The notion that the presence of Oscar-winning Broderick Crawford or that a bunch of expository scenes will divert audiences away from the lack of decent special effects, or story for that matter, comes sadly unstuck. There’s so much exposition that at times it feels like an audio book rather than a piece of cinema. The one great image – a skeleton in laboratory – is treated with disdain. Not only has it “cult” written all over it but it must be a contender for the all-time “So Bad It Hasn’t A Hope Of Being Good” Award,
Which is a shame because on paper at least this might have sounded passable what with atomic transmutation, hidden treasure, grave-robbing, remote location, strange noises in the night, an incident in the 15th century, man buried alive, eerie tapping on windows, a creepy Church sexton, and a mythological beast originating from the Incas or Aztecs or even Easter Island.
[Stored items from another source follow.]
lemma sampled_derivatives_of_mexp_eq_on_interval:
  fixes M N :: "real^'n^'n"
  assumes "T > 0" and eq: "\<And>t. t \<in> {0..T} \<Longrightarrow> mexp (t *\<^sub>R M) *v x = mexp (t *\<^sub>R N) *v x"
    and t: "t \<in> {0..T}"
  shows "M *v nderiv i (\<lambda>t. mexp (t *\<^sub>R N) *v x) t = nderiv (Suc i) (\<lambda>t. mexp (t *\<^sub>R N) *v x) t"
proof -
  have "M *v nderiv i (\<lambda>t. mexp (t *\<^sub>R N) *v x) t = M *v (mexp (t *\<^sub>R M) *v (mpow M i *v x))"
    using mexp_mult_mpow_eq_on_interval[OF \<open>T > 0\<close> eq t, of i] by (simp add: nderiv_mexp)
  also have "\<dots> = mexp (t *\<^sub>R M) *v (mpow M (Suc i) *v x)"
    by (simp only: mexp_mult_vector_commute) (simp add: matrix_vector_mul_assoc)
  also have "\<dots> = nderiv (Suc i) (\<lambda>t. mexp (t *\<^sub>R N) *v x) t"
    by (simp only: mexp_mult_mpow_eq_on_interval[OF \<open>T > 0\<close> eq t] nderiv_mexp)
  finally show ?thesis .
qed

lemma mexp_eq_of_derivatives_at_zero:
  fixes M N :: "real^'n^'n"
  assumes "\<And>i. i < CARD('n) \<Longrightarrow>
      M *v nderiv i (\<lambda>t. mexp (t *\<^sub>R N) *v x) 0 = nderiv (Suc i) (\<lambda>t. mexp (t *\<^sub>R N) *v x) 0"
  shows "mexp (t *\<^sub>R M) *v x = mexp (t *\<^sub>R N) *v x"
proof (rule mexp_mult_vector_eq_of_mpow_eq, rule mpow_mult_vector_eq_of_krylov)
  fix i assume "i < CARD('n)"
  from assms[OF this] show "M *v (mpow N i *v x) = mpow N (Suc i) *v x"
    by (simp add: nderiv_mexp mexp_zero_mult_vector)
qed

section \<open>Matrix algebra\<close>

lemma matrix_inv_left: "invertible (S::'a::semiring_1^'n^'m) \<Longrightarrow> matrix_inv S ** S = mat 1"
  unfolding invertible_def matrix_inv_def by (rule someI2_ex) auto

lemma matrix_inv_right: "invertible (S::'a::semiring_1^'n^'m) \<Longrightarrow> S ** matrix_inv S = mat 1"
  unfolding invertible_def matrix_inv_def by (rule someI2_ex) auto

lemma matrix_inv_unique_left:
  "invertible (S::'a::semiring_1^'n^'n) \<Longrightarrow> L ** S = mat 1 \<Longrightarrow> matrix_inv S = L"
  by (metis matrix_mul_assoc matrix_mul_lid matrix_mul_rid matrix_inv_right)

lemma matrix_diff_ldistrib: "(A::'a::ring_1^'n^'m) ** (B - C) = A ** B - A ** (C::'a^'k^'n)"
  by (simp add: matrix_matrix_mult_def vec_eq_iff algebra_simps sum_subtractf)

lemma transpose_matrix_inv_sym:
  assumes "sym_mat (S::real^'n^'n)" "invertible S"
  shows "transpose (matrix_inv S) = matrix_inv S"
proof (rule matrix_inv_unique_left[symmetric, OF assms(2)])
  have "transpose (matrix_inv S) ** S = transpose (S ** matrix_inv S)"
    using assms(1) by (simp add: sym_mat_def matrix_transpose_mul)
  then show "transpose (matrix_inv S) ** S = mat 1"
    by (simp add: matrix_inv_right[OF assms(2)])
qed

lemma psd_ge_imp_invertible:
  assumes "psd_ge (S::real^'n^'n) c" "c > 0"
  shows "invertible S"
proof -
  have "x = 0" if "S *v x = 0" for x
  proof -
    from assms(1) that have "c * (x \<bullet> x) \<le> 0" by (auto simp: psd_ge_def dest: spec[of _ x])
    with assms(2) show "x = 0" by (metis mult_le_0_iff inner_gt_zero_iff not_le)
  qed
  then obtain L where "L ** S = mat 1" using matrix_left_invertible_ker by blast
  then show ?thesis using invertible_left_inverse by blast
qed

lemma pd_mat_imp_psd_ge:
  assumes "pd_mat (S::real^'n^'n)"
  obtains l where "l > 0" "psd_ge S l"
proof -
  let ?q = "\<lambda>x::real^'n. x \<bullet> (S *v x)"
  have "sphere (0::real^'n) 1 \<noteq> {}"
    using norm_axis_1[of "undefined::'n"] by (metis mem_sphere_0 empty_iff)
  then obtain u where u: "u \<in> sphere 0 1" "\<And>y. y \<in> sphere 0 1 \<Longrightarrow> ?q u \<le> ?q y"
    using continuous_attains_inf[OF compact_sphere _ continuous_on_inner[OF continuous_on_id
          linear_continuous_on[OF matrix_vector_mul_bounded_linear]]]
    by blast
  have "?q u > 0" using assms u(1) unfolding pd_mat_def by (metis mem_sphere_0 norm_zero zero_neq_one)
  moreover have "psd_ge S (?q u)"
    unfolding psd_ge_def
  proof
    fix x :: "real^'n"
    show "?q u * (x \<bullet> x) \<le> ?q x"
    proof (cases "x = 0")
      case False
      have "?q u \<le> ?q ((1 / norm x) *\<^sub>R x)" using False by (intro u(2)) simp
      also have "\<dots> = ?q x / (norm x)\<^sup>2"
        by (simp add: matrix_vector_mult_scaleR power2_eq_square field_simps)
      finally show ?thesis using False by (simp add: field_simps dot_square_norm)
    qed simp
  qed
  ultimately show ?thesis by (rule that)
qed

lemma psd_ge_scaleR:
  assumes "psd_ge S l" "c \<ge> 0"
  shows "psd_ge (c *\<^sub>R S) (c * l)"
  using assms mult_left_mono
  by (fastforce simp: psd_ge_def scaleR_matrix_vector_assoc[symmetric] mult.assoc)

lemma psd_ge_mono: "psd_ge S l \<Longrightarrow> e \<le> l \<Longrightarrow> psd_ge S e"
  unfolding psd_ge_def by (meson inner_ge_zero mult_right_mono order_trans)

lemma matrix_inv_scaleR:
  fixes R :: "real^'n^'n"
  assumes "c \<noteq> 0" "invertible R"
  shows "matrix_inv (c *\<^sub>R R) = inverse c *\<^sub>R matrix_inv R"
proof (rule matrix_inv_unique_left)
  show "invertible (c *\<^sub>R R)" using assms by (simp add: scalar_invertible)
  show "inverse c *\<^sub>R matrix_inv R ** (c *\<^sub>R R) = mat 1"
    using assms by (simp add: matrix_scalar_ac scalar_matrix_assoc[symmetric] matrix_inv_left)
qed

lemma gain_scaleR:
  "c \<noteq> 0 \<Longrightarrow> invertible R \<Longrightarrow> gain B (c *\<^sub>R R) (c *\<^sub>R P) = gain B R P"
  by (simp add: gain_def matrix_inv_scaleR matrix_scalar_ac scalar_matrix_assoc[symmetric])

lemma riccati_scaleR:
  "c \<noteq> 0 \<Longrightarrow> invertible R \<Longrightarrow>
    riccati A B (c *\<^sub>R Q) (c *\<^sub>R R) (c *\<^sub>R P) = c *\<^sub>R riccati A B Q R P"
  by (simp add: riccati_def matrix_inv_scaleR matrix_scalar_ac scalar_matrix_assoc[symmetric]
      scaleR_add_right scaleR_diff_right)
But it pivots on the kind of family curse, mysterious past, strange occurrences, that Sherlock Holmes might have been called in to resolve, especially as there seemed an awful lot of explaining to do and it’s easier to hang on to every word of the world’s most famous detective rather than a scientist banging on about the inexplicable. The first two-thirds is taken up with solving the mystery, it’s only in the last section when horror takes over that a genuine sense of tension emerges.
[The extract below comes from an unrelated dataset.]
(* In the algebra $\mathcal{SL}_{\hbar,q}$ generated by $b,c,g$ with relations $$q^2gb-bg=\hbar(q+q^{-1})b,\quad gc-q^2cg=-\hbar(q+q^{-1})c,\quad (q^2+1)(bc-cb)+(q^2-1)g^2=\hbar(q+q^{-1})g,$$ the matrix $$L=\begin{pmatrix} q[2]_q^{-1}g & b\\ c & -q^{-1}[2]_q^{-1}g\end{pmatrix}$$ satisfies $L^2-q^{-1}\hbar L+\sigma\,\mathrm{id}=0$, where $$\sigma=-[2]_q^{-1}\mathrm{Tr}_RL^2=-[2]_q^{-1}\big([2]_q^{-1}g^2+q^{-1}bc+q\,cb\big)$$ is central in $\mathcal{SL}_{\hbar,q}$. Consequently, in the quotient $\mathcal{SL}_{\hbar,q}/\langle\sigma-\alpha\rangle$ ($\alpha\in\mathbb{K}$ with $q^{-2}\hbar^2-4\alpha\ne0$), with $\mu_{0,1}=(q^{-1}\hbar\mp\sqrt{q^{-2}\hbar^2-4\alpha})/2$ and $e_0=(L-\mu_1)/(\mu_0-\mu_1)$, $e_1=(L-\mu_0)/(\mu_1-\mu_0)$, $$\mathrm{Tr}_Re_0=\frac{[2]_q}{2}+\frac{[2]_q\hbar}{2\sqrt{\hbar^2-4\alpha q^2}},\qquad \mathrm{Tr}_Re_1=\frac{[2]_q}{2}-\frac{[2]_q\hbar}{2\sqrt{\hbar^2-4\alpha q^2}},$$ with $\sqrt{\hbar^2-4\alpha q^2}=q\sqrt{q^{-2}\hbar^2-4\alpha}$.
   Context: Here $q$ is generic, $\hbar\in\mathbb{K}$, $[m]_q=(q^m-q^{-m})/(q-q^{-1})$, so $[2]_q=q+q^{-1}$. Products of matrices with noncommuting entries are $(MN)_i^{\;j}=\sum_aM_i^{\;a}N_a^{\;j}$ (row index $i$, column index $j$). For a $2\times2$ matrix $M$ with entries in the algebra, $\mathrm{Tr}_RM=q^{-1}M_1^{\;1}+q\,M_2^{\;2}$ (the categorical trace for the Hecke symmetry $R$ with $R(x_1\otimes x_1)=q\,x_1\otimes x_1$, $R(x_2\otimes x_2)=q\,x_2\otimes x_2$, and matrix $\begin{pmatrix}\lambda&1\\1&0\end{pmatrix}$, $\lambda=q-q^{-1}$, on the span of $x_1\otimes x_2,x_2\otimes x_1$). The algebra above is the traceless part $\mathcal{SL}_{\hbar,q}$ of the modified reflection equation algebra for this $R$, with $g=a-d$ where $L=\begin{pmatrix}a&b\\c&d\end{pmatrix}$ and $q^{-1}a+qd=0$. The quotient by $\sigma-\alpha$ is the quantum non-commutative sphere. *)

theory Defs
  imports Main
begin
A woman taking a shortcut through a graveyard (as one does) spies a gravestone wobbling, earth erupting in front of her and has visions (enough to make her hair go white) of a huge bird with a man’s head. Visiting nuclear scientist Eric (Robert Hutton) takes an interest. His wife Trudy’s (Diane Clare) uncle Brian (Broderick Crawford) explains the legend of a Spaniard buried alive because he turned himself into a vulture and kidnapped a small child. His buddy, German professor Koniglich (Akim Tamiroff), expands on the story.

Gold coins are found scattered close to the grave. Boys find the bloody leg of a sheep on a beach and there’s a likely unreachable hiding place of a cave in the cliffs. Uncle Brian is of the obstinate variety and refuses to the toe the line and keep his windows firmly closed so he’s next to disappear. But there’s a hungry beast to feed so Brian’s brother Edward (Gordon Sterne) is the next victim. Trudy is despatched out of harm’s way to London but lured back by a mysterious telegram.
Meanwhile, hot on the trail, Eric finds Koniglich’s lair, a laboratory inhabited only by a skeleton, but with his own understanding of the possibilities of atomic science Eric works out the German must have employed nuclear power to fuse man and vulture and set out to wreak revenge.
It was obviously a toss-up between spending the tiny budget on a fading Hollywood star and supporting bad guy actor of some repute rather than on special effects. Quite how, at that time, anyone would have managed a convincing half-man-half-vulture is anybody’s guess and the prospect of making such a creature credibly fly would have been beyond comprehension so sensibly director Lawrence Huntingdon settles for the prospect, showing talons from time to time and letting audience imagination do the rest, and I am sure if you saw this as a child you would be bolting doors and windows.
Robert Hutton (They Came from Beyond Space, 1967) doesn’t have a chance of imposing himself on the picture since he is lumbered by buckets of exposition and supposition. Though he could take a lesson from Broderick Crawford (A House Is Not a Home, 1964) in how to milk a small role. Crawford is something of a clever red herring. Given his screen persona I had expected him to be the bad guy, at the point of his appearance in the picture notions of scientific dexterity not being a prerequisite. Akim Tamiroff (The Liquidator, 1965) plays down his villainous qualities so until we are introduced to his lab, he’s not the obvious bad guy either.
It might have worked better if the audience was filled in on more of the mystery than the investigator, perhaps witnessing Koniglich at least toying with his equipment, maybe making the screen glow the way dodgy scientists were inclined to do.
This was the final film in the 30-year career of director Lawrence Huntingdon (Drums Along the River, 1963) and if he couldn’t manage a swansong of the kind Clark Gable delivered with The Misfits (1960) then I guess the next best thing was a movie for cultists to savor.